The stretch from the line with "(* There are" through the line with "r \<rightarrow>\<^sub>E half_edges n r." in the records below: write it out exactly, and nothing else.

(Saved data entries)

=== Section Start ===

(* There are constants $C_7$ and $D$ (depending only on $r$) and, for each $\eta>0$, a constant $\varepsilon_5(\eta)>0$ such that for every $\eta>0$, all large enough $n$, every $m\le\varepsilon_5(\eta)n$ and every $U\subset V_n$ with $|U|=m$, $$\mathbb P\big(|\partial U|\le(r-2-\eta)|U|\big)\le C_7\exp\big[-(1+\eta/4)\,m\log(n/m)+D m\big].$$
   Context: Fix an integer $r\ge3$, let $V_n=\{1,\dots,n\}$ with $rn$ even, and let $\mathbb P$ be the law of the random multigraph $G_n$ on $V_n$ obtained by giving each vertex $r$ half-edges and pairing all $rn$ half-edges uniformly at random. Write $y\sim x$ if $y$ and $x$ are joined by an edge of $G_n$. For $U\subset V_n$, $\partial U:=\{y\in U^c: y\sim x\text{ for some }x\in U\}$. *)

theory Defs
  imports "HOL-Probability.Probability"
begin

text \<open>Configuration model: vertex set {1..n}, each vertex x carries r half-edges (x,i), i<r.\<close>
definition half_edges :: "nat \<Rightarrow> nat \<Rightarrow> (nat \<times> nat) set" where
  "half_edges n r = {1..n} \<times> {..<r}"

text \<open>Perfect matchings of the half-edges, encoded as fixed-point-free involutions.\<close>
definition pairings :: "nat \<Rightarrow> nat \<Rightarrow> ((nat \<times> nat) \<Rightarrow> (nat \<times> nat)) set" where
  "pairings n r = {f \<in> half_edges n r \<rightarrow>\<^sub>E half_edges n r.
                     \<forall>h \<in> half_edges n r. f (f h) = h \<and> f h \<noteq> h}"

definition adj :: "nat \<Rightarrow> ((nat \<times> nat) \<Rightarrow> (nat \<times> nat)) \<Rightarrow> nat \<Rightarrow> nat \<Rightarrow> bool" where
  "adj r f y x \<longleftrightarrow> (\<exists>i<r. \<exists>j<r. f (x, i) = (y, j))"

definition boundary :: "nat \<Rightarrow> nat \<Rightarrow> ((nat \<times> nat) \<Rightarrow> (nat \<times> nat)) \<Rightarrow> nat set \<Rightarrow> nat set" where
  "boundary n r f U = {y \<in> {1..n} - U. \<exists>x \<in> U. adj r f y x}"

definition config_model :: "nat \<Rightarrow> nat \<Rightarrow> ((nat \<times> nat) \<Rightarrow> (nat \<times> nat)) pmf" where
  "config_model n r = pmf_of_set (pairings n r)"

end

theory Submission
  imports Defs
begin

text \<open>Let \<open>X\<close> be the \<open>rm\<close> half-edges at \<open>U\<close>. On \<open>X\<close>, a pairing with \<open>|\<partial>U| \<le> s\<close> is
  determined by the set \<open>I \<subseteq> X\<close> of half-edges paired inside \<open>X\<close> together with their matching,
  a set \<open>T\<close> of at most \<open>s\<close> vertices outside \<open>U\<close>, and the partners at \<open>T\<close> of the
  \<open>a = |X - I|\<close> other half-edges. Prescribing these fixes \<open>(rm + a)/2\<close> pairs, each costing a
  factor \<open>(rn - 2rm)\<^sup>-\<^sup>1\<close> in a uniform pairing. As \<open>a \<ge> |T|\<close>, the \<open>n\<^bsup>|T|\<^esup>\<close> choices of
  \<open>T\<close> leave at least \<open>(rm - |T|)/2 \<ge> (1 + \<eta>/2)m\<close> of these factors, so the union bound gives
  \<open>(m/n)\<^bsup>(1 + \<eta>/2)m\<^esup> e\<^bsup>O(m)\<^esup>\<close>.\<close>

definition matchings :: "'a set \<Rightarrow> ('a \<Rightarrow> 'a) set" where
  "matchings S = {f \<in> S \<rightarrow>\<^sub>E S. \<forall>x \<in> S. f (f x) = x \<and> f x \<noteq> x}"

=== Section End ===
=== Section Start ===

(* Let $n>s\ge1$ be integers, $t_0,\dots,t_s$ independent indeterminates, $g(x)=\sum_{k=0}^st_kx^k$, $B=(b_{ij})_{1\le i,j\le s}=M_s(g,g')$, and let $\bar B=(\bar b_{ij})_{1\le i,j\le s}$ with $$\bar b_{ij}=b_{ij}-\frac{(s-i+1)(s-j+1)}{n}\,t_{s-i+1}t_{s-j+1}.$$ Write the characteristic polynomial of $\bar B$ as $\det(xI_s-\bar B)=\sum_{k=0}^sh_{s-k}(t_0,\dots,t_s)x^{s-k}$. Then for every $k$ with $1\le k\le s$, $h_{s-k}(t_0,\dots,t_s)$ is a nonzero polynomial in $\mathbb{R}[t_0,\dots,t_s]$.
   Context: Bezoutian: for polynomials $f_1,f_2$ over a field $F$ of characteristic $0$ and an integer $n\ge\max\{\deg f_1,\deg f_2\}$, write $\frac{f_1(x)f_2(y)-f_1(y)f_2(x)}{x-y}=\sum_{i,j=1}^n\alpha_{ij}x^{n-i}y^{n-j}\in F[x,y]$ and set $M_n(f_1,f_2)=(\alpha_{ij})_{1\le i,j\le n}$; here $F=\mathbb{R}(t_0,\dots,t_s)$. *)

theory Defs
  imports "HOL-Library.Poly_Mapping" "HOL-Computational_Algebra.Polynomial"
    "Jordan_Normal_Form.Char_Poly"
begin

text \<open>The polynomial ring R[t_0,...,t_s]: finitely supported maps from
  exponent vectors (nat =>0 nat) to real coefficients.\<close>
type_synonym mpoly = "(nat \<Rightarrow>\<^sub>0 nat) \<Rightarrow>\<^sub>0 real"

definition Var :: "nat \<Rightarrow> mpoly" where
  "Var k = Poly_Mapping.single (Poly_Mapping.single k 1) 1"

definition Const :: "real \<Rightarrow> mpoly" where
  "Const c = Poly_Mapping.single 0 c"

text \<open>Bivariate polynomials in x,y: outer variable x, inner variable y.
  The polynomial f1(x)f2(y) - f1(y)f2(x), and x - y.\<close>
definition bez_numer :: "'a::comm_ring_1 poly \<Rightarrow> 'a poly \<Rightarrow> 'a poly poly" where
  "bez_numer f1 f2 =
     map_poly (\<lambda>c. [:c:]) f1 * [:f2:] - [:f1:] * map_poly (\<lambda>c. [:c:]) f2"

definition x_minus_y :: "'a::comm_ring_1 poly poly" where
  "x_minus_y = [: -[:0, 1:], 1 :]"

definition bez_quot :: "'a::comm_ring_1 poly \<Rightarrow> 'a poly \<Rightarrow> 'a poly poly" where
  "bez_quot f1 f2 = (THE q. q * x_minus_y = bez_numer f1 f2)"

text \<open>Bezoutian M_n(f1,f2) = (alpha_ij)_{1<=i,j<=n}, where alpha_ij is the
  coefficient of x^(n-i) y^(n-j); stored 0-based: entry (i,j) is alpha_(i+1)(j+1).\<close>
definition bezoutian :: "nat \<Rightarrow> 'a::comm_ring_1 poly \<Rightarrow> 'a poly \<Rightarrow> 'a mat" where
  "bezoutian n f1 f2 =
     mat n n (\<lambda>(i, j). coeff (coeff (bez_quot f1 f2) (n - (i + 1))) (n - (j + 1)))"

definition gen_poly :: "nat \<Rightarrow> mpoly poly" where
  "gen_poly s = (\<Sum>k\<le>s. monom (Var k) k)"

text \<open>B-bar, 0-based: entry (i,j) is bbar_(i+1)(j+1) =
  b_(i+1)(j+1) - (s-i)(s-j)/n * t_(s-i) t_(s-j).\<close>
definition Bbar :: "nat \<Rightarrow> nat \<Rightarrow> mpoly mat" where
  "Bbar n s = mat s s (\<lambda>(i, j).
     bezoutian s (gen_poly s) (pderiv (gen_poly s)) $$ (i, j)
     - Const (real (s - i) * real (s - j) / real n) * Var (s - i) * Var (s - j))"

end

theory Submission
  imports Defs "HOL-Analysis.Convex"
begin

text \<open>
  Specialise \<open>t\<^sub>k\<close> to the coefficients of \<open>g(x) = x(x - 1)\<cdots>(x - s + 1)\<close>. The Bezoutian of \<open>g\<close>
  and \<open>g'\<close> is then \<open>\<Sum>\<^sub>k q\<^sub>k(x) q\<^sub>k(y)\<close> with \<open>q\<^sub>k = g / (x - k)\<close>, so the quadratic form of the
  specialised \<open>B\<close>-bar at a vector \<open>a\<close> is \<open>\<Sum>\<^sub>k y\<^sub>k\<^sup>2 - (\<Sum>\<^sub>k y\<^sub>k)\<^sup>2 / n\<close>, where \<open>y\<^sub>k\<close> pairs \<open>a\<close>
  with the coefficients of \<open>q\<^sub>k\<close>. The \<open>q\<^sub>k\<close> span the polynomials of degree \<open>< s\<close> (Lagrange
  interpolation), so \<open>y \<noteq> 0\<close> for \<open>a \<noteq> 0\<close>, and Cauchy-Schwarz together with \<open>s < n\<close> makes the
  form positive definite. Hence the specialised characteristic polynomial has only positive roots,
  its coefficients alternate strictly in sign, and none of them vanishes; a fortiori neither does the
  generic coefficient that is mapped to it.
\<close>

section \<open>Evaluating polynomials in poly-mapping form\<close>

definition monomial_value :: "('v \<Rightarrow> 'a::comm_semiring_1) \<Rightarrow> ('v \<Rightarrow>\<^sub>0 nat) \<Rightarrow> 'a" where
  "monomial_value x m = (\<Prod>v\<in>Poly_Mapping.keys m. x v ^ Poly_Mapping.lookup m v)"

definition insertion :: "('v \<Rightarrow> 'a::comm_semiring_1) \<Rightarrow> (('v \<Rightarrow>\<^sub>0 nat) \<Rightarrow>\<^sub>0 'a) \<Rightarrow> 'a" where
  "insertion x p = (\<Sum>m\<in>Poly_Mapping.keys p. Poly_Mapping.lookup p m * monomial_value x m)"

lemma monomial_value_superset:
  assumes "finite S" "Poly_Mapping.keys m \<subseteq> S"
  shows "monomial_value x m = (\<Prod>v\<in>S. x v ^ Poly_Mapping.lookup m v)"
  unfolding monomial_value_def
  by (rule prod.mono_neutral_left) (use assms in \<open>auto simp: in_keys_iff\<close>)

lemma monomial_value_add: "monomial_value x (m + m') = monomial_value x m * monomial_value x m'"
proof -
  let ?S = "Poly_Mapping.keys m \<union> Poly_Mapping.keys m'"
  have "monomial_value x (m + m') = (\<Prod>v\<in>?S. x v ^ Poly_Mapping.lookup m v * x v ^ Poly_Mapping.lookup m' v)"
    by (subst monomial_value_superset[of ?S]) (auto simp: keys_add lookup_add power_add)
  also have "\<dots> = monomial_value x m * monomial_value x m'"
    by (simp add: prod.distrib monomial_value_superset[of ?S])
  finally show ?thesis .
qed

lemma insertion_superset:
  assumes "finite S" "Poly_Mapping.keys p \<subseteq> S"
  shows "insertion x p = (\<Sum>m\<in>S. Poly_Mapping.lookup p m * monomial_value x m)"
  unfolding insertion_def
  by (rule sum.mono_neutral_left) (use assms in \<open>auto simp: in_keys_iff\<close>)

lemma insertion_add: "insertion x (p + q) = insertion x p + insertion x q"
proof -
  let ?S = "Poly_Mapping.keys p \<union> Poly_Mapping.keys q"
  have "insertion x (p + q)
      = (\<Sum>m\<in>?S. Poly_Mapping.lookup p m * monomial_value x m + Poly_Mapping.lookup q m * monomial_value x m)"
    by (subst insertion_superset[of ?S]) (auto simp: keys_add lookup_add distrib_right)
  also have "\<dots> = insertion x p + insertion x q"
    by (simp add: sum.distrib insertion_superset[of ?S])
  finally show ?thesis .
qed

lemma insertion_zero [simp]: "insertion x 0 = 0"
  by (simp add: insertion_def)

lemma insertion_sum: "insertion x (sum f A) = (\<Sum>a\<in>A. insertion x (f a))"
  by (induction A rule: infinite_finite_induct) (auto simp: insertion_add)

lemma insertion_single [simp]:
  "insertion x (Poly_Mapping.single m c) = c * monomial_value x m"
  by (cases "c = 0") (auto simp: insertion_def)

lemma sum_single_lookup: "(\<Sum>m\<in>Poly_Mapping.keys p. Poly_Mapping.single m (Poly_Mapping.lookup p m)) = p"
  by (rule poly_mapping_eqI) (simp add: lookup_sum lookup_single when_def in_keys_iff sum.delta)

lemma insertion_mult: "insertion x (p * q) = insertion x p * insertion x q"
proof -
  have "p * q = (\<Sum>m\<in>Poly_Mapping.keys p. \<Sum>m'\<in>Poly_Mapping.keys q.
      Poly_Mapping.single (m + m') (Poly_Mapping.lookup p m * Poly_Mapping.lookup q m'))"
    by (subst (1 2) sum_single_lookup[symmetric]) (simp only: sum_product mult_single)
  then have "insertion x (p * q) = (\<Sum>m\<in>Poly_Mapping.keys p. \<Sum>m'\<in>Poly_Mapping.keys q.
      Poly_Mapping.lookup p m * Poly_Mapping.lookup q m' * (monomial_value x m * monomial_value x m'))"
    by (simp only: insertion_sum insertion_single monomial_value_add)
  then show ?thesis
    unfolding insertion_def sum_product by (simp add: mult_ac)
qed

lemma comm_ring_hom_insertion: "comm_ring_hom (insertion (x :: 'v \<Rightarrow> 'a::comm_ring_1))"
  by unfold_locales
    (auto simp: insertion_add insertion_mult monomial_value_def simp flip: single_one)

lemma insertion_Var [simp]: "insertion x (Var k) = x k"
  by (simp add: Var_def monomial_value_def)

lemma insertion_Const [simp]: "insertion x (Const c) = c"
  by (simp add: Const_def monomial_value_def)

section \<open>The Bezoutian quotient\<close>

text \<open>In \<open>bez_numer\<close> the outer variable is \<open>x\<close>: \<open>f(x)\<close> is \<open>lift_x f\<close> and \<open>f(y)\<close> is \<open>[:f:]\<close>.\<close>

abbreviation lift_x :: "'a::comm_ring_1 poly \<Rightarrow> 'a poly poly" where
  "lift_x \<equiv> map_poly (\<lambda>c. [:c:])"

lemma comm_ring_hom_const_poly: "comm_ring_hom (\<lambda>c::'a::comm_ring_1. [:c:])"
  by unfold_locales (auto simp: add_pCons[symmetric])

=== Section End ===

Exercise output:
(* There are constants $C_7$ and $D$ (depending only on $r$) and, for each $\eta>0$, a constant $\varepsilon_5(\eta)>0$ such that for every $\eta>0$, all large enough $n$, every $m\le\varepsilon_5(\eta)n$ and every $U\subset V_n$ with $|U|=m$, $$\mathbb P\big(|\partial U|\le(r-2-\eta)|U|\big)\le C_7\exp\big[-(1+\eta/4)\,m\log(n/m)+D m\big].$$
   Context: Fix an integer $r\ge3$, let $V_n=\{1,\dots,n\}$ with $rn$ even, and let $\mathbb P$ be the law of the random multigraph $G_n$ on $V_n$ obtained by giving each vertex $r$ half-edges and pairing all $rn$ half-edges uniformly at random. Write $y\sim x$ if $y$ and $x$ are joined by an edge of $G_n$. For $U\subset V_n$, $\partial U:=\{y\in U^c: y\sim x\text{ for some }x\in U\}$. *)

theory Defs
  imports "HOL-Probability.Probability"
begin

text \<open>Configuration model: vertex set {1..n}, each vertex x carries r half-edges (x,i), i<r.\<close>
definition half_edges :: "nat \<Rightarrow> nat \<Rightarrow> (nat \<times> nat) set" where
  "half_edges n r = {1..n} \<times> {..<r}"

text \<open>Perfect matchings of the half-edges, encoded as fixed-point-free involutions.\<close>
definition pairings :: "nat \<Rightarrow> nat \<Rightarrow> ((nat \<times> nat) \<Rightarrow> (nat \<times> nat)) set" where
  "pairings n r = {f \<in> half_edges n r \<rightarrow>\<^sub>E half_edges n r.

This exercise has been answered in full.